─── Given data

(* For $\alpha\in\mathbb N$ and $n\ge 0$, $$\det\left(1/F_{\alpha+i+j}\right)_{0\le i,j\le n}=\left((-1)^{\alpha\binom{n+1}{2}}F_\alpha\prod_{k=1}^nF_{\alpha+2k}\binom{\alpha+2k-1}{k}_{\mathbb F}^2\right)^{-1},$$ which is the reciprocal of an integer.
   Context: $F_n$ are the Fibonacci numbers ($F_0=0,F_1=1,F_{n+1}=F_n+F_{n-1}$). The Fibonomial coefficients are $\binom{n}{k}_{\mathbb F}=\prod_{i=1}^k F_{n-i+1}/F_i$ for $0\le k\le n$ (empty product $=1$). *)

theory Defs
  imports "HOL-Number_Theory.Fib" "Jordan_Normal_Form.Determinant"
begin

definition fibonomial :: "nat \<Rightarrow> nat \<Rightarrow> real" where
  "fibonomial n k = (\<Prod>i=1..k. real (fib (n - i + 1)) / real (fib i))"

end

theory Submission
  imports Defs
begin
lemma total_weight_antimono_Suc: assumes hs: "hs \<in> histories K T" and "r \<le> v" "v \<le> e"
    shows "total_weight hs (Suc v) \<le> total_weight hs v"
  unfolding total_weight_def using weight_antimono[OF hs, of v "Suc v"] assms by (intro sum_mono) auto

lemma total_weight_Suc_ge: assumes hs: "hs \<in> histories K T" and u: "u \<in> {r..e}"
  shows "total_weight hs u * (1 - eta K m * batch_mean hs u) \<le> total_weight hs (Suc u)"
proof -
  have "total_weight hs u * (1 - eta K m * batch_mean hs u) = (\<Sum>b\<in>{1..K}. weight hs u b * (1 - eta K m * batch_est hs u b))"
  proof -
    have Wne: "total_weight hs u \<noteq> 0" using total_weight_pos[of hs u] by simp
    have "(\<Sum>b\<in>{1..K}. weight hs u b * (1 - eta K m * batch_est hs u b))
        = (\<Sum>b\<in>{1..K}. total_weight hs u * prob hs u b * (1 - eta K m * batch_est hs u b))"
      using Wne by (intro sum.cong refl) (simp add: round_prob_eq_weight[OF u])
    also have "... = total_weight hs u * (1 - eta K m * batch_mean hs u)"
      unfolding batch_mean_def using round_prob_sum[OF K_ge_1, where hs=hs and t=u and l=l and d=d] u start_ge_1
      by (simp add: algebra_simps sum_subtractf sum_distrib_left sum_distrib_right[symmetric])
    finally show ?thesis by simp
  qed
  also have "... \<le> (\<Sum>b\<in>{1..K}. weight hs u b * exp (- (eta K m * batch_est hs u b)))"
    by (intro sum_mono mult_left_mono) (auto intro: less_imp_le[OF weight_pos] simp: exp_ge_add_one_self[of "- _", simplified])
  also have "... = total_weight hs (Suc u)" unfolding total_weight_def using u by (simp add: weight_Suc)
  finally show ?thesis .
qed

──────

*Work to be completed*
All entries shown above should be printed again exactly.

*Response to this exercise*
(* For $\alpha\in\mathbb N$ and $n\ge 0$, $$\det\left(1/F_{\alpha+i+j}\right)_{0\le i,j\le n}=\left((-1)^{\alpha\binom{n+1}{2}}F_\alpha\prod_{k=1}^nF_{\alpha+2k}\binom{\alpha+2k-1}{k}_{\mathbb F}^2\right)^{-1},$$ which is the reciprocal of an integer.
   Context: $F_n$ are the Fibonacci numbers ($F_0=0,F_1=1,F_{n+1}=F_n+F_{n-1}$). The Fibonomial coefficients are $\binom{n}{k}_{\mathbb F}=\prod_{i=1}^k F_{n-i+1}/F_i$ for $0\le k\le n$ (empty product $=1$). *)

theory Defs
  imports "HOL-Number_Theory.Fib" "Jordan_Normal_Form.Determinant"
begin

definition fibonomial :: "nat \<Rightarrow> nat \<Rightarrow> real" where
  "fibonomial n k = (\<Prod>i=1..k. real (fib (n - i + 1)) / real (fib i))"

end

theory Submission
  imports Defs
begin
lemma total_weight_antimono_Suc: assumes hs: "hs \<in> histories K T" and "r \<le> v" "v \<le> e"
    shows "total_weight hs (Suc v) \<le> total_weight hs v"
  unfolding total_weight_def using weight_antimono[OF hs, of v "Suc v"] assms by (intro sum_mono) auto

lemma total_weight_Suc_ge: assumes hs: "hs \<in> histories K T" and u: "u \<in> {r..e}"
  shows "total_weight hs u * (1 - eta K m * batch_mean hs u) \<le> total_weight hs (Suc u)"
proof -
  have "total_weight hs u * (1 - eta K m * batch_mean hs u) = (\<Sum>b\<in>{1..K}. weight hs u b * (1 - eta K m * batch_est hs u b))"
  proof -
    have Wne: "total_weight hs u \<noteq> 0" using total_weight_pos[of hs u] by simp
    have "(\<Sum>b\<in>{1..K}. weight hs u b * (1 - eta K m * batch_est hs u b))
        = (\<Sum>b\<in>{1..K}. total_weight hs u * prob hs u b * (1 - eta K m * batch_est hs u b))"
      using Wne by (intro sum.cong refl) (simp add: round_prob_eq_weight[OF u])
    also have "... = total_weight hs u * (1 - eta K m * batch_mean hs u)"
      unfolding batch_mean_def using round_prob_sum[OF K_ge_1, where hs=hs and t=u and l=l and d=d] u start_ge_1
      by (simp add: algebra_simps sum_subtractf sum_distrib_left sum_distrib_right[symmetric])
    finally show ?thesis by simp
  qed
  also have "... \<le> (\<Sum>b\<in>{1..K}. weight hs u b * exp (- (eta K m * batch_est hs u b)))"
    by (intro sum_mono mult_left_mono) (auto intro: less_imp_le[OF weight_pos] simp: exp_ge_add_one_self[of "- _", simplified])
  also have "... = total_weight hs (Suc u)" unfolding total_weight_def using u by (simp add: weight_Suc)
  finally show ?thesis .
qed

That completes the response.